Coming back to this forum and having others to talk to about guitars has given each of us an outlet to ask questions and get opinions about guitar stuff, which I seek out of respect and kindness, as I am sure everyone else here does too.

As for global pandemic health crises, I deal with it by trying to keep a sense of humour.

I blame the Irish in me.


----------



## markxander (Oct 24, 2009)

mawmow said:


> the Jews published that a dose of vaccine and COVID disease, whichever comes first, protects for as long as eight months.


....typo I hope?


----------



## Rollin Hand (Jul 12, 2012)

What a lot of people seem to miss is that wearing a mask other than N95 only means you're not exhaling your dirty, filthy droplets on others. It's basically being courteous to those around you, and helping them to not get sick -- you know, being _nice_. 

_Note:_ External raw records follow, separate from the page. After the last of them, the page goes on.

(* Let $a\in C^\infty(\mathbb{R}^{2d}\times\mathbb{R}^d)$, $a=a(x,y,\xi)$, be real with $\partial_{y_j}a\in S^1(\mathbb{R}^{2d}\times\mathbb{R}^d)$ for $1\le j\le d$, and suppose there is $\delta\in[0,1)$ with $\|(\nabla^2_{\xi,y}a)(x,y,\xi)\|\le\delta$ for all $(x,y,\xi)$. Let $\Lambda(x,y,\xi):=\xi+(\nabla_ya)(x,y,\xi)$. Then: (1) $\Lambda\in S^1(\mathbb{R}^{2d}\times\mathbb{R}^d)$ and for each $(x,y)$ the map $\xi\mapsto\Lambda(x,y,\xi)$ is a $C^\infty$-diffeomorphism of $\mathbb{R}^d$; let $\eta\mapsto\lambda(x,y,\eta)$ be its inverse; (2) there is $C>0$ with $C^{-1}\langle\xi\rangle\le\langle\Lambda(x,y,\xi)\rangle\le C\langle\xi\rangle$ and $C^{-1}\langle\eta\rangle\le\langle\lambda(x,y,\eta)\rangle\le C\langle\eta\rangle$ for all $x,y,\xi,\eta$; (3) the components of $\lambda$ belong to $S^1(\mathbb{R}^{2d}\times\mathbb{R}^d)$; (4) the Jacobian determinant $D(x,y,\eta)$ of $\eta\mapsto\lambda(x,y,\eta)$ belongs to $S^0(\mathbb{R}^{2d}\times\mathbb{R}^d)$.
   Context: $\langle\xi\rangle=(1+|\xi|^2)^{1/2}$. $S^m(\mathbb{R}^{2d}\times\mathbb{R}^d)$ is the space of $f\in C^\infty(\mathbb{R}^{2d}\times\mathbb{R}^d)$, $f=f(u,\xi)$ with $u=(x,y)\in\mathbb{R}^{2d}$, $\xi\in\mathbb{R}^d$, such that $|\partial_u^\alpha\partial_\xi^\beta f(u,\xi)|\le C_{\alpha\beta}\langle\xi\rangle^{m-|\beta|}$ for all multi-indices. $\nabla^2_{\xi,y}a$ is the $d\times d$ matrix $(\partial_{\xi_j}\partial_{y_k}a)$ and $\|\cdot\|$ the operator norm. *)

theory Defs
  imports "HOL-Analysis.Analysis"
begin

text \<open>Points of R^{2d} x R^d are represented as ((x,y),xi) with x,y,xi :: real^'n,
  d = CARD('n).\<close>
type_synonym 'n pt = "((real^'n) \<times> (real^'n)) \<times> (real^'n)"

definition dpart :: "'a::euclidean_space \<Rightarrow> ('a \<Rightarrow> real) \<Rightarrow> 'a \<Rightarrow> real" where
  "dpart v f p = deriv (\<lambda>t. f (p + t *\<^sub>R v)) 0"
theorem corollary5p9:
  fixes s1 :: "'f::{field,finite} \<Rightarrow> 'v1::ab_group_add \<Rightarrow> 'v1"
    and s2 :: "'f \<Rightarrow> 'v2::ab_group_add \<Rightarrow> 'v2"
    and \<rho>1 :: "'v1 set \<Rightarrow> nat" and \<rho>2 :: "'v2 set \<Rightarrow> nat"
    and V :: "('v1 \<times> 'v2) set"
  assumes "qmatroid s1 \<rho>1" and "qmatroid s2 \<rho>2"
    and "module.subspace (prod_scale s1 s2) V"
  shows "dsum_rank s1 \<rho>1 s2 \<rho>2 V =
    Min {dsum_rank s1 \<rho>1 s2 \<rho>2 (Z1 \<times> Z2)
           + quot_dim (prod_scale s1 s2) (ssum V (Z1 \<times> Z2)) (Z1 \<times> Z2)
         | Z1 Z2. Z1 \<in> cyclic_flats s1 \<rho>1 \<and> Z2 \<in> cyclic_flats s2 \<rho>2}"
proof -
  obtain B1 B2 where "qmatroid_pair s1 B1 \<rho>1 s2 B2 \<rho>2"
    using qmatroid_pairI[OF assms(1,2)] .
  then show ?thesis using assms(3) by (rule qmatroid_pair.dsum_rank_eq_Min_cyclic_flats)
qed

end
lemma sum_scale_eval_vec:
  assumes "finite J"
  shows "(\<lambda>P. \<Sum>j\<in>J. c j * eval_vec G (w j) P) = eval_vec G (\<lambda>k. \<Sum>j\<in>J. c j * w j k)"
proof
  fix P
  have "(\<Sum>j\<in>J. c j * eval_vec G (w j) P) = (\<Sum>j\<in>J. \<Sum>k\<in>G. c j * w j k * P ^ k)"
    by (simp add: eval_vec_def sum_distrib_left mult.assoc)
  also have "\<dots> = eval_vec G (\<lambda>k. \<Sum>j\<in>J. c j * w j k) P"
    by (subst sum.swap) (simp add: eval_vec_def sum_distrib_right)
  finally show "(\<Sum>j\<in>J. c j * eval_vec G (w j) P) = eval_vec G (\<lambda>k. \<Sum>j\<in>J. c j * w j k) P" .
qed

lemma card_fq_span_le:
  fixes B :: "('a::{field,finite} \<Rightarrow> 'a) set"
  shows "card (fq_span q B) \<le> card (subfield q :: 'a set) ^ card B"
proof -
  let ?comb = "\<lambda>c. (\<lambda>P. \<Sum>b\<in>B. c b * b P)"
  have "fq_span q B \<subseteq> ?comb ` (B \<rightarrow>\<^sub>E subfield q)"
  proof
    fix v assume "v \<in> fq_span q B"
    then obtain c where c: "\<forall>b\<in>B. c b \<in> subfield q" "v = ?comb c"
      unfolding fq_span_def by blast
    then have "v = ?comb (restrict c B)" by (auto intro!: sum.cong)
    moreover have "restrict c B \<in> B \<rightarrow>\<^sub>E subfield q" using c(1) by auto
    ultimately show "v \<in> ?comb ` (B \<rightarrow>\<^sub>E subfield q)" by blast
  qed
  then have "card (fq_span q B) \<le> card (?comb ` (B \<rightarrow>\<^sub>E subfield q))"
    by (intro card_mono) auto
  also have "\<dots> \<le> card (B \<rightarrow>\<^sub>E (subfield q :: 'a set))"
    by (rule card_image_le) (simp add: finite_PiE)
  finally show ?thesis by (simp add: card_PiE)
qed

context fq2_field
begin

lemma eval_vec_coeff_eq:
  assumes G: "G \<subseteq> {..<q ^ 2}" and eq: "eval_vec G a = (eval_vec G b :: 'a \<Rightarrow> 'a)" and i: "i \<in> G"
  shows "a i = b i"
proof -
  have fin: "finite G" using G finite_subset by blast
  define f where "f = (\<Sum>j\<in>G. Polynomial.monom (a j - b j) j)"
  have "poly f x = eval_vec G a x - eval_vec G b x" for x
    by (simp add: f_def poly_sum poly_monom eval_vec_def algebra_simps sum_subtractf)
  then have roots: "{x. poly f x = 0} = UNIV" using eq by simp
  have "f = 0"
  proof (rule ccontr)
    assume "f \<noteq> 0"
    have "degree f < q ^ 2"
    proof -
      have "degree (Polynomial.monom (a j - b j) j) \<le> q ^ 2 - 1" if "j \<in> G" for j
      proof -
        have "j < q ^ 2" using G that by auto
        then show ?thesis using degree_monom_le[of "a j - b j" j] by linarith
      qed
      then have "degree f \<le> q ^ 2 - 1"
        unfolding f_def by (intro degree_sum_le fin)
      moreover have "0 < q ^ 2" using q_ge_2 by simp
      ultimately show ?thesis by linarith
    qed
    then show False
      using card_poly_roots_bound[OF \<open>f \<noteq> 0\<close>] roots by (simp add: card_UNIV)
  qed
  then have "coeff f i = 0" by simp
  then show ?thesis using fin i by (simp add: f_def coeff_sum)
qed

lemma power_cyc_shift: "i < cyc_n q \<Longrightarrow> ((P :: 'a) ^ i) ^ q = P ^ cyc_shift q i"
proof (cases "P = 0")
  case True
  assume i: "i < cyc_n q"
  then show ?thesis using True q_ge_2 cyc_shift_eq_0_iff[OF q_ge_2 i]
    by (cases "i = 0") (simp_all add: zero_power)
next
  case False
  then show ?thesis by (simp add: cyc_shift_def power_mult power_mod_cyc_n[symmetric])
qed

lemma eval_vec_frobenius:
  assumes G: "cyc_closed q G"
  shows "eval_vec G a (P :: 'a) ^ q = eval_vec G (\<lambda>j. a (cyc_shift q j) ^ q) P"
proof -
  have G': "\<And>i. i \<in> G \<Longrightarrow> i < cyc_n q \<and> cyc_shift q i \<in> G \<and> cyc_shift q (cyc_shift q i) = i"
    using G cyc_shift_cyc_shift[OF q_ge_2] by (auto simp: cyc_closed_def)
  have "eval_vec G a P ^ q = (\<Sum>i\<in>G. a i ^ q * P ^ cyc_shift q i)"
    using G' by (simp add: eval_vec_def frobenius_sum power_mult_distrib power_cyc_shift)
  also have "\<dots> = (\<Sum>i\<in>G. a (cyc_shift q i) ^ q * P ^ i)"
    by (rule sum.reindex_bij_witness[of _ "cyc_shift q" "cyc_shift q"]) (use G' in auto)
  finally show ?thesis by (simp add: eval_vec_def)
qed

lemma eval_vec_in_subfield_iff:
  assumes G: "cyc_closed q G"
  shows "(\<forall>P. eval_vec G a (P :: 'a) \<in> Fq) \<longleftrightarrow> (\<forall>i\<in>G. a (cyc_shift q i) = a i ^ q)"
proof
  assume sub: "\<forall>P. eval_vec G a (P :: 'a) \<in> Fq"
  have eq: "eval_vec G a = (eval_vec G (\<lambda>j. a (cyc_shift q j) ^ q) :: 'a \<Rightarrow> 'a)"
  proof
    fix P :: 'a
    have "eval_vec G a P = eval_vec G a P ^ q" using sub by (simp add: subfield_iff)
    also have "\<dots> = eval_vec G (\<lambda>j. a (cyc_shift q j) ^ q) P" by (rule eval_vec_frobenius[OF G])
    finally show "eval_vec G a P = eval_vec G (\<lambda>j. a (cyc_shift q j) ^ q) P" .
  qed
  have "G \<subseteq> {..<q ^ 2}" using G by (auto simp: cyc_closed_def cyc_n_def)
  then have coeff: "a j = a (cyc_shift q j) ^ q" if "j \<in> G" for j
    using eval_vec_coeff_eq[OF _ eq that] by simp
  show "\<forall>i\<in>G. a (cyc_shift q i) = a i ^ q"
  proof
    fix i assume "i \<in> G"
    then have "cyc_shift q i \<in> G" "cyc_shift q (cyc_shift q i) = i"
      using G cyc_shift_cyc_shift[OF q_ge_2] by (auto simp: cyc_closed_def)
    then show "a (cyc_shift q i) = a i ^ q" using coeff[of "cyc_shift q i"] by simp
  qed
next
  assume conj: "\<forall>i\<in>G. a (cyc_shift q i) = a i ^ q"
  show "\<forall>P. eval_vec G a (P :: 'a) \<in> Fq"
  proof
    fix P :: 'a
    have "eval_vec G a P ^ q = eval_vec G (\<lambda>j. a (cyc_shift q j) ^ q) P"
      by (rule eval_vec_frobenius[OF G])
    also have "\<dots> = eval_vec G a P"
      using conj by (simp add: eval_vec_def frobenius_frobenius)
    finally show "eval_vec G a P \<in> Fq" by (simp add: subfield_iff)
  qed
qed

lemma E_code_eq:
  assumes "cyc_closed q G"
  shows "(E_code q G :: ('a \<Rightarrow> 'a) set) =
    {eval_vec G a | a. \<forall>i\<in>G. a (cyc_shift q i) = a i ^ q}"
proof -
  have "D_code G = range (eval_vec G :: _ \<Rightarrow> 'a \<Rightarrow> 'a)"
    by (auto simp: D_code_def eval_vec_def)
  then show ?thesis using eval_vec_in_subfield_iff[OF assms] by (auto simp: E_code_def)
qed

I am always in awe of those who don't seem to give a damn about anyone but themselves and their short-term wants.


----------



## markxander (Oct 24, 2009)

Rollin Hand said:


> What a lot of people seem to miss is that wearing a mask other than N95 only means you're not exhaling your dirty, filthy droplets on others. It's basically being courteous to those around you, and helping them to not get sick -- you know, being _nice_.
> 
> I am always in awe of those who don't seem to give a damn about anyone but themselves and their short-term wants.


them and the 17% of the province that voted for doug ford


----------



## Okay Player (May 24, 2020)

Rollin Hand said:


> What a lot of people seem to miss is that wearing a mask other than N95 only means you're not exhaling your dirty, filthy droplets on others. It's basically being courteous to those around you, and helping them to not get sick -- you know, being _nice_.
> 
> I am always in awe of those who don't seem to give a damn about anyone but themselves and their short-term wants.

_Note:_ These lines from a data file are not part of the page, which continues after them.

lemma rspan_add:
  assumes "x \<in> rspan R smul S" and "y \<in> rspan R smul S"
  shows "x + y \<in> rspan R smul S"
proof -
  obtain T1 c1 where 1: "finite T1" "T1 \<subseteq> S" "\<forall>t\<in>T1. c1 t \<in> R" "x = (\<Sum>t\<in>T1. smul (c1 t) t)"
    using assms(1) unfolding rspan_def by blast
  obtain T2 c2 where 2: "finite T2" "T2 \<subseteq> S" "\<forall>t\<in>T2. c2 t \<in> R" "y = (\<Sum>t\<in>T2. smul (c2 t) t)"
    using assms(2) unfolding rspan_def by blast
  define d1 where "d1 t = (if t \<in> T1 then c1 t else 0)" for t
  define d2 where "d2 t = (if t \<in> T2 then c2 t else 0)" for t
  have d1: "d1 t \<in> R" and d2: "d2 t \<in> R" for t
    using 1 2 R_0 by (simp_all add: d1_def d2_def)
  have "x = (\<Sum>t\<in>T1 \<union> T2. smul (d1 t) t)"
    unfolding 1(4) by (rule sum.mono_neutral_cong_left) (auto simp: 1 2 d1_def)
  moreover have "y = (\<Sum>t\<in>T1 \<union> T2. smul (d2 t) t)"
    unfolding 2(4) by (rule sum.mono_neutral_cong_left) (auto simp: 1 2 d2_def)
  ultimately have "x + y = (\<Sum>t\<in>T1 \<union> T2. smul (d1 t + d2 t) t)"
    using smul_add_left [OF d1 d2] by (simp add: sum.distrib)
  moreover have "\<forall>t\<in>T1 \<union> T2. d1 t + d2 t \<in> R"
    using R_add [OF d1 d2] by blast
  ultimately show ?thesis
    unfolding rspan_def using 1(1,2) 2(1,2)
    by (intro CollectI exI [of _ "T1 \<union> T2"] exI [of _ "\<lambda>t. d1 t + d2 t"]) auto
qed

Health Canada acknowledged that the droplet theory was incorrect and that's it's airborne in September of 2020. That's also when they started recommending N95 masks


----------



## Grab n Go (May 1, 2013)

I caught it when I went to see an indoor gig at a club. Luckily, the rest of my family was spared. First show in years and I was masked up too. I'll admit, it's made me think twice about attending live shows for the next little while.

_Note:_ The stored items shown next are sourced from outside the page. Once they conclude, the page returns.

text \<open>asg_prob s g u nu0 nu1 t r = P(a_r = t) for the embedded ASG started
from a single root: the root leaf waits an exponential time with the total
rate, then performs the event creating the root's children, which evolve
independently for the remaining time.\<close>
primrec asg_prob :: "real \<Rightarrow> real \<Rightarrow> real \<Rightarrow> real \<Rightarrow> real \<Rightarrow> asg \<Rightarrow> real \<Rightarrow> real" where
  "asg_prob s g u nu0 nu1 Leaf r = exp (- totrate s g u nu0 nu1 * r)"
| "asg_prob s g u nu0 nu1 (Bin a b) r =
     integral {0..r} (\<lambda>\<tau>. s * exp (- totrate s g u nu0 nu1 * \<tau>)
        * asg_prob s g u nu0 nu1 a (r - \<tau>) * asg_prob s g u nu0 nu1 b (r - \<tau>))"
| "asg_prob s g u nu0 nu1 (Ter a b c) r =
     integral {0..r} (\<lambda>\<tau>. g * exp (- totrate s g u nu0 nu1 * \<tau>)
        * asg_prob s g u nu0 nu1 a (r - \<tau>) * asg_prob s g u nu0 nu1 b (r - \<tau>)
        * asg_prob s g u nu0 nu1 c (r - \<tau>))"
| "asg_prob s g u nu0 nu1 (MutX a) r =
     integral {0..r} (\<lambda>\<tau>. u * nu1 * exp (- totrate s g u nu0 nu1 * \<tau>)
        * asg_prob s g u nu0 nu1 a (r - \<tau>))"
| "asg_prob s g u nu0 nu1 (MutO a) r =
     integral {0..r} (\<lambda>\<tau>. u * nu0 * exp (- totrate s g u nu0 nu1 * \<tau>)
        * asg_prob s g u nu0 nu1 a (r - \<tau>))"

definition anc_type1_prob :: "asg \<Rightarrow> real \<Rightarrow> real" where
  "anc_type1_prob t y0 =
     (\<Sum>cs\<in>{cs. length cs = nleaves t}.
        (\<Prod>i<nleaves t. if cs ! i then y0 else 1 - y0)
        * (if cs ! anc t cs then 1 else 0))"

definition g_asg :: "real \<Rightarrow> real \<Rightarrow> real \<Rightarrow> real \<Rightarrow> real \<Rightarrow> real \<Rightarrow> real \<Rightarrow> real" where
  "g_asg s g u nu0 nu1 r y0 =
     infsum (\<lambda>t. asg_prob s g u nu0 nu1 t r * anc_type1_prob t y0) UNIV"

end

theory Submission
  imports Defs
begin

text \<open>
  Conditioning on the first event at the root, the recursion defining \<open>asg_prob\<close> becomes the
  variation-of-constants equation
  \<open>exp (\<Lambda> r) P(a\<^sub>r = t) = [t = Leaf] + \<integral>\<^sub>0\<^sup>r exp (\<Lambda> \<sigma>) inflow t \<sigma> d\<sigma>\<close> with
  \<open>\<Lambda> = s + \<gamma> + u\<close>, where \<open>inflow t \<sigma>\<close> is the rate of the root event of \<open>t\<close> times the
  probabilities of its subtrees at time \<open>\<sigma>\<close>. Circle marks have rate \<open>u \<nu>\<^sub>0 = 0\<close>, so only
  circle-free trees carry mass, and on these an ancestral leaf of type 1 forces type 1 at the root.
  As the leaf types of different subtrees are independent, the probabilities that the root, resp.
  the ancestral leaf, has type 1 factor over the subtrees of the root. Summing the equation against
  these functionals therefore gives closed integral equations for the total mass \<open>M\<close> and for
  \<open>Y\<close> and \<open>G\<close>, the probabilities that root and ancestral leaf of \<open>a\<^sub>r\<close> have type 1. They are
  first obtained for the trees of bounded depth and then pass to the limit by monotone
  convergence. Differentiating, \<open>M = 1\<close>, \<open>Y\<close> solves the differential equation of \<open>y\<close>, and
  \<open>G' = - (1 - y) (s + \<gamma> (1 - y)) G\<close> with \<open>G 0 = y\<^sub>0\<close>; uniqueness for linear equations gives
  the formula.
\<close>

section \<open>Expectations under independent leaf types\<close>

definition bernoulli_weight :: "real \<Rightarrow> bool list \<Rightarrow> real" where
  "bernoulli_weight p cs = prod_list (map (\<lambda>c. if c then p else 1 - p) cs)"

definition bernoulli_expect :: "real \<Rightarrow> nat \<Rightarrow> (bool list \<Rightarrow> real) \<Rightarrow> real" where
  "bernoulli_expect p n h = (\<Sum>cs | length cs = n. bernoulli_weight p cs * h cs)"

lemma bernoulli_weight_append:
  "bernoulli_weight p (xs @ ys) = bernoulli_weight p xs * bernoulli_weight p ys"
  by (simp add: bernoulli_weight_def)

lemma bernoulli_weight_nonneg: "p \<in> {0..1} \<Longrightarrow> 0 \<le> bernoulli_weight p cs"
  unfolding bernoulli_weight_def by (induction cs) auto

lemma bernoulli_expect_cong:
  "(\<And>cs. length cs = n \<Longrightarrow> f cs = g cs) \<Longrightarrow> bernoulli_expect p n f = bernoulli_expect p n g"
  unfolding bernoulli_expect_def by (rule sum.cong) auto

lemma lists_of_length_add:
  "{cs. length cs = m + n} = (\<lambda>(xs, ys). xs @ ys) ` ({xs. length xs = m} \<times> {ys. length ys = n})"
proof (intro equalityI subsetI)
  fix cs :: "'a list" assume "cs \<in> {cs. length cs = m + n}"
  then show "cs \<in> (\<lambda>(xs, ys). xs @ ys) ` ({xs. length xs = m} \<times> {ys. length ys = n})"
    by (intro image_eqI[of _ _ "(take m cs, drop m cs)"]) auto
qed auto

lemma bernoulli_expect_length_add:
  "bernoulli_expect p (m + n) h =
     bernoulli_expect p m (\<lambda>xs. bernoulli_expect p n (\<lambda>ys. h (xs @ ys)))"
proof -
  have inj: "inj_on (\<lambda>(xs, ys). xs @ ys) ({xs. length xs = m} \<times> {ys :: bool list. length ys = n})"
    by (auto simp: inj_on_def)
  have "bernoulli_expect p (m + n) h =
      (\<Sum>(xs, ys) \<in> {xs. length xs = m} \<times> {ys. length ys = n}.
         bernoulli_weight p (xs @ ys) * h (xs @ ys))"
    unfolding bernoulli_expect_def lists_of_length_add sum.reindex[OF inj]
    by (simp add: case_prod_beta)
  also have "\<dots> = bernoulli_expect p m (\<lambda>xs. bernoulli_expect p n (\<lambda>ys. h (xs @ ys)))"
    by (simp add: bernoulli_expect_def sum.cartesian_product[symmetric] bernoulli_weight_append
        sum_distrib_left mult.assoc)
  finally show ?thesis .
qed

In general, I mask up indoors in public spaces. I might be in the minority right now, but I'm okay with that.

The prospect of long covid is enough to give me pause. The things that I enjoy most: I want them to continue uninterrupted. If I have to take a few precautions, so be it. Of course there are never any guarantees, but that's life.


----------



## Wardo (Feb 5, 2010)

I use the N95s because if I'm gonna put up with wearing one might as well be the best I can get; the cloth masks are just whistling past the grave yard not likely to do anything.

I think I'm stating the obvious but it seems that the 19 hits some people much harder than others and it doesn't come down to being young and fit as a protection although I can understand why that might be an appealing concept for some. My business partner, her husband got it and he's mid 40s, has a business where he renos homes so he's fit but the 19 floored him. An 80 year old I know got it and he was OK in a few days. Woman who rents an office from us she got long covid and still ain't better after a year. Pretty sure I had it in Jan 2020 knocked me on my ass for 2 weeks but no long term issues. 

I'm pissed at the whole fuckin thing and god damn the gain of function bastards that let this loose on the world but it's not about living in fear just that I'm gonna do what I can to minimize risk. I have a business to run and I got no health benefits so if get sick I'm fucked.


----------



## oldjoat (Apr 4, 2019)

Wardo said:


> I have a business to run and I got no health benefits so if get sick I'm fucked.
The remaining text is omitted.